The statistics from the report are staggering:

  • Hispanics today make up over 16% of the states population, but account for only 3.8% of the government workforce. Since 1991, over 1,000 Hispanic jobs have been eliminated resulting in a 12% reduction of Hispanic state workers.
  • African Americans have lost over 8,000 jobs resulting in a net decline of 26.7 percent of African Americans in the state workforce. A recent report from the Center of Women in Government and Civil Society has stated that there are more high ranking African American officials in the state government of Alabama, once the epicenter of segregation, then there are currently in New York State.

So what’s being done?

A bill package consisting of legislation targeting inequities of minority hiring in government will be introduced in the Assembly later this week. The proposed package of legislation seeks to:

  • Streamline the process of equal opportunity procedures that are mandated by the Federal Civil Rights Act
  • Prohibits the hiring of temporary and provisional employees of a period greater then 18 months; employees often hired without benefits.
  • Mandates that Affirmative Action Officers shall be hired as competitive classified positions.
  • The creation of a task force to better understand how to increase diversity in the state workforce.
  • Reward employees who speak multiple languages.
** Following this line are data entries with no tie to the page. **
lemma sym_block5_quadratic_form:
  fixes z1 :: "real^'x::finite" and z2 :: "real^'p::finite" and z3 :: "real^'w::finite"
    and z4 :: "real^'x" and z5 :: "real^'q::finite"
  defines "z \<equiv> block_vec5 z1 z2 z3 z4 z5"
  shows "z \<bullet> (sym_block5 L11 L22 L33 L41 L42 L43 L44 L51 L52 L53 L54 L55 *v z)
   = z1 \<bullet> (L11 *v z1) + z2 \<bullet> (L22 *v z2) + z3 \<bullet> (L33 *v z3) + z4 \<bullet> (L44 *v z4) + z5 \<bullet> (L55 *v z5)
     + 2 * (z4 \<bullet> (L41 *v z1)) + 2 * (z4 \<bullet> (L42 *v z2)) + 2 * (z4 \<bullet> (L43 *v z3))
     + 2 * (z5 \<bullet> (L51 *v z1)) + 2 * (z5 \<bullet> (L52 *v z2)) + 2 * (z5 \<bullet> (L53 *v z3))
     + 2 * (z5 \<bullet> (L54 *v z4))"
  (is "z \<bullet> (?M *v z) = _")
proof -
  note block_simps = matrix_vector_mult_def sum_UNIV_Plus sym_block5_def blk_def
    lower_entry_def z_def block_vec5_def transpose_def
  have row1: "(?M *v z) $ Inl a = (L11 *v z1 + transpose L41 *v z4 + transpose L51 *v z5) $ a" for a
    by (simp add: block_simps)
  have row2: "(?M *v z) $ Inr (Inl a) = (L22 *v z2 + transpose L42 *v z4 + transpose L52 *v z5) $ a" for a
    by (simp add: block_simps)
  have row3: "(?M *v z) $ Inr (Inr (Inl a))
      = (L33 *v z3 + transpose L43 *v z4 + transpose L53 *v z5) $ a" for a
    by (simp add: block_simps)
  have row4: "(?M *v z) $ Inr (Inr (Inr (Inl a)))
      = (L41 *v z1 + L42 *v z2 + L43 *v z3 + L44 *v z4 + transpose L54 *v z5) $ a" for a
    by (simp add: block_simps)
  have row5: "(?M *v z) $ Inr (Inr (Inr (Inr a)))
      = (L51 *v z1 + L52 *v z2 + L53 *v z3 + L54 *v z4 + L55 *v z5) $ a" for a
    by (simp add: block_simps)
  have "z \<bullet> (?M *v z) = z1 \<bullet> (L11 *v z1 + transpose L41 *v z4 + transpose L51 *v z5)
     + z2 \<bullet> (L22 *v z2 + transpose L42 *v z4 + transpose L52 *v z5)
     + z3 \<bullet> (L33 *v z3 + transpose L43 *v z4 + transpose L53 *v z5)
     + z4 \<bullet> (L41 *v z1 + L42 *v z2 + L43 *v z3 + L44 *v z4 + transpose L54 *v z5)
     + z5 \<bullet> (L51 *v z1 + L52 *v z2 + L53 *v z3 + L54 *v z4 + L55 *v z5)"
    apply (subst inner_vec_def)
    apply (simp only: sum_UNIV_Plus row1 row2 row3 row4 row5)
    apply (simp add: inner_vec_def z_def block_vec5_def add.assoc)
    done
  then show ?thesis by (simp only: inner_add_right inner_transpose_matrix_vector)
qed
Assemblyman William Boyland (D-Kings), both a member of the Black and Puerto Rican Caucus and Puerto Rican/Hispanic Task Force, a sponsor of the bill package, hopes that these initiatives will help bring traditionally under represented groups in the state workforce back to a level of parity with their counterparts.

“It is sad that in today’s day and age that Hispanics & African Americans in this state still face an uphill battle in attaining equal opportunities in civil service employment,” said Assemblyman William Boyland. “We are taking constructive steps today to insure fair employment opportunities in civil service occupations for our children and their respective children.”